## WORK ITEM
Which lines run from the one containing "with R_square have" to the end of the entries? Copy them exactly, both ends included, and give nothing else.

GIVEN RECORDS START

lemma catalan_Suc_recurrence:
  "of_nat (Suc (Suc n)) * catalan (Suc n) = 2 * of_nat (2*n+1) * catalan n"
proof -
  have "of_nat (Suc (Suc n)) * catalan (Suc n) = of_nat (2 * Suc n choose Suc n)"
    by (rule central_binomial_eq_catalan [symmetric])
  also have "\<dots> = 2 * of_nat (Suc (2*n) choose n)"
    by (simp only: central_binomial_Suc of_nat_mult of_nat_numeral)
  also have "\<dots> = 2 * of_nat (2*n+1) * catalan n"
    by (simp only: odd_times_catalan mult.assoc)
  finally show ?thesis .
qed

definition central_binomial_fps :: "rat fps" where
  "central_binomial_fps = Abs_fps (\<lambda>n. of_nat (2*n choose n))"

lemma central_binomial_fps_nth: "fps_nth central_binomial_fps n = of_nat (Suc n) * catalan n"
  unfolding central_binomial_fps_def by (simp only: fps_nth_Abs_fps central_binomial_eq_catalan)

lemma fps_X_mult_deriv_nth: "fps_nth (fps_X * fps_deriv f) n = of_nat n * fps_nth f n"
  by (cases n) (simp_all add: fps_X_mult_nth)

lemma central_binomial_fps_deriv:
  "(1 - 4 * fps_X) * fps_deriv central_binomial_fps = 2 * central_binomial_fps"
proof -
  let ?B = central_binomial_fps
  have "fps_nth (fps_deriv ?B) n = of_nat (Suc n) * (2 * of_nat (2*n+1) * catalan n)" for n
    by (simp add: central_binomial_fps_nth catalan_Suc_recurrence del: of_nat_Suc)
  then have "fps_nth (fps_deriv ?B) n - 4 * fps_nth (fps_X * fps_deriv ?B) n = 2 * fps_nth ?B n"
    for n
    unfolding fps_X_mult_deriv_nth central_binomial_fps_nth by (simp add: algebra_simps)
  then have "fps_deriv ?B - fps_const 4 * (fps_X * fps_deriv ?B) = fps_const 2 * ?B"
    by (intro fps_ext) simp
  then show ?thesis
    by (simp add: algebra_simps numeral_fps_const)
qed

lemma central_binomial_fps_square: "central_binomial_fps^2 * (1 - 4 * fps_X) = 1"
proof -
  let ?B = central_binomial_fps
  have "fps_deriv (?B^2 * (1 - 4 * fps_X)) = 2 * ?B * ((1 - 4 * fps_X) * fps_deriv ?B) - 4 * ?B^2"
    by (simp add: fps_deriv_power algebra_simps power2_eq_square)
  also have "\<dots> = 0"
    by (simp add: central_binomial_fps_deriv power2_eq_square)
  finally have "?B^2 * (1 - 4 * fps_X) = fps_const (fps_nth (?B^2 * (1 - 4 * fps_X)) 0)"
    by (simp only: fps_deriv_eq_0_iff)
  also have "\<dots> = 1"
    by (simp add: central_binomial_fps_nth power2_eq_square catalan_def)
  finally show ?thesis .
qed

lemma catalan_fps_central_binomial_fps:
  "2 * fps_X * catalan_fps = 1 - (1 - 4 * fps_X) * central_binomial_fps"
proof -
  let ?B = central_binomial_fps
  have "2 * catalan m = 4 * fps_nth ?B m - fps_nth ?B (Suc m)" for m
    unfolding central_binomial_fps_nth catalan_Suc_recurrence by (simp add: algebra_simps)
  moreover have "fps_nth ?B 0 = 1"
    by (simp add: central_binomial_fps_nth catalan_def)
  ultimately have "fps_const 2 * (fps_X * catalan_fps) = 1 - ?B + fps_const 4 * (fps_X * ?B)"
    by (intro fps_ext) (auto simp: fps_X_mult_nth catalan_fps_def gr0_conv_Suc)
  then show ?thesis
    by (simp add: algebra_simps numeral_fps_const)
qed

lemma catalan_fps_equation: "fps_X * catalan_fps^2 = catalan_fps - 1"
proof -
  define R where "R = (1 - 4 * fps_X) * central_binomial_fps"
  have R_square: "R^2 = 1 - 4 * fps_X"
    using central_binomial_fps_square unfolding R_def by algebra
  have "2 * fps_X * catalan_fps = 1 - R"
    unfolding R_def by (rule catalan_fps_central_binomial_fps)
  with R_square have "4 * fps_X * (fps_X * catalan_fps^2 - (catalan_fps - 1)) = 0"
    by algebra
  then show ?thesis by simp
qed

lemma catalan_Suc_convolution: "catalan (Suc n) = (\<Sum>k\<le>n. catalan k * catalan (n - k))"
proof -
  have "catalan (Suc n) = fps_nth (fps_X * catalan_fps^2) (Suc n)"
    by (simp only: catalan_fps_equation) (simp add: catalan_fps_def)
  also have "\<dots> = fps_nth (catalan_fps * catalan_fps) n"
    by (simp add: power2_eq_square del: fps_mult_nth)
  also have "\<dots> = (\<Sum>k\<le>n. catalan k * catalan (n - k))"
    by (simp add: fps_mult_nth catalan_fps_def atLeast0AtMost)
  finally show ?thesis .
qed

lemma catalan_Suc_even_convolution:
  "(\<Sum>j<Suc (2*m). if even j then catalan (j div 2) * catalan (m - j div 2) else 0) =
     catalan (Suc m)"
  (is "(\<Sum>j<Suc (2*m). ?g j) = _")
proof -
  have "(\<Sum>j<Suc (2*m). ?g j) = (\<Sum>j\<le>Suc (2*m). ?g j)"
    by (simp add: lessThan_Suc_atMost[symmetric])
  also have "\<dots> = (\<Sum>i\<le>m. catalan i * catalan (m - i))"
    by (simp only: sum.in_pairs_0) simp
  finally show ?thesis
    by (simp add: catalan_Suc_convolution)
qed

GIVEN RECORDS END

## THE COMPLETED TASK
  with R_square have "4 * fps_X * (fps_X * catalan_fps^2 - (catalan_fps - 1)) = 0"
    by algebra
  then show ?thesis by simp
qed

lemma catalan_Suc_convolution: "catalan (Suc n) = (\<Sum>k\<le>n. catalan k * catalan (n - k))"
proof -
  have "catalan (Suc n) = fps_nth (fps_X * catalan_fps^2) (Suc n)"
    by (simp only: catalan_fps_equation) (simp add: catalan_fps_def)
  also have "\<dots> = fps_nth (catalan_fps * catalan_fps) n"
    by (simp add: power2_eq_square del: fps_mult_nth)
  also have "\<dots> = (\<Sum>k\<le>n. catalan k * catalan (n - k))"
    by (simp add: fps_mult_nth catalan_fps_def atLeast0AtMost)
  finally show ?thesis .
qed

lemma catalan_Suc_even_convolution:
  "(\<Sum>j<Suc (2*m). if even j then catalan (j div 2) * catalan (m - j div 2) else 0) =
     catalan (Suc m)"
  (is "(\<Sum>j<Suc (2*m). ?g j) = _")
proof -
  have "(\<Sum>j<Suc (2*m). ?g j) = (\<Sum>j\<le>Suc (2*m). ?g j)"
    by (simp add: lessThan_Suc_atMost[symmetric])
  also have "\<dots> = (\<Sum>i\<le>m. catalan i * catalan (m - i))"
    by (simp only: sum.in_pairs_0) simp
  finally show ?thesis
    by (simp add: catalan_Suc_convolution)
qed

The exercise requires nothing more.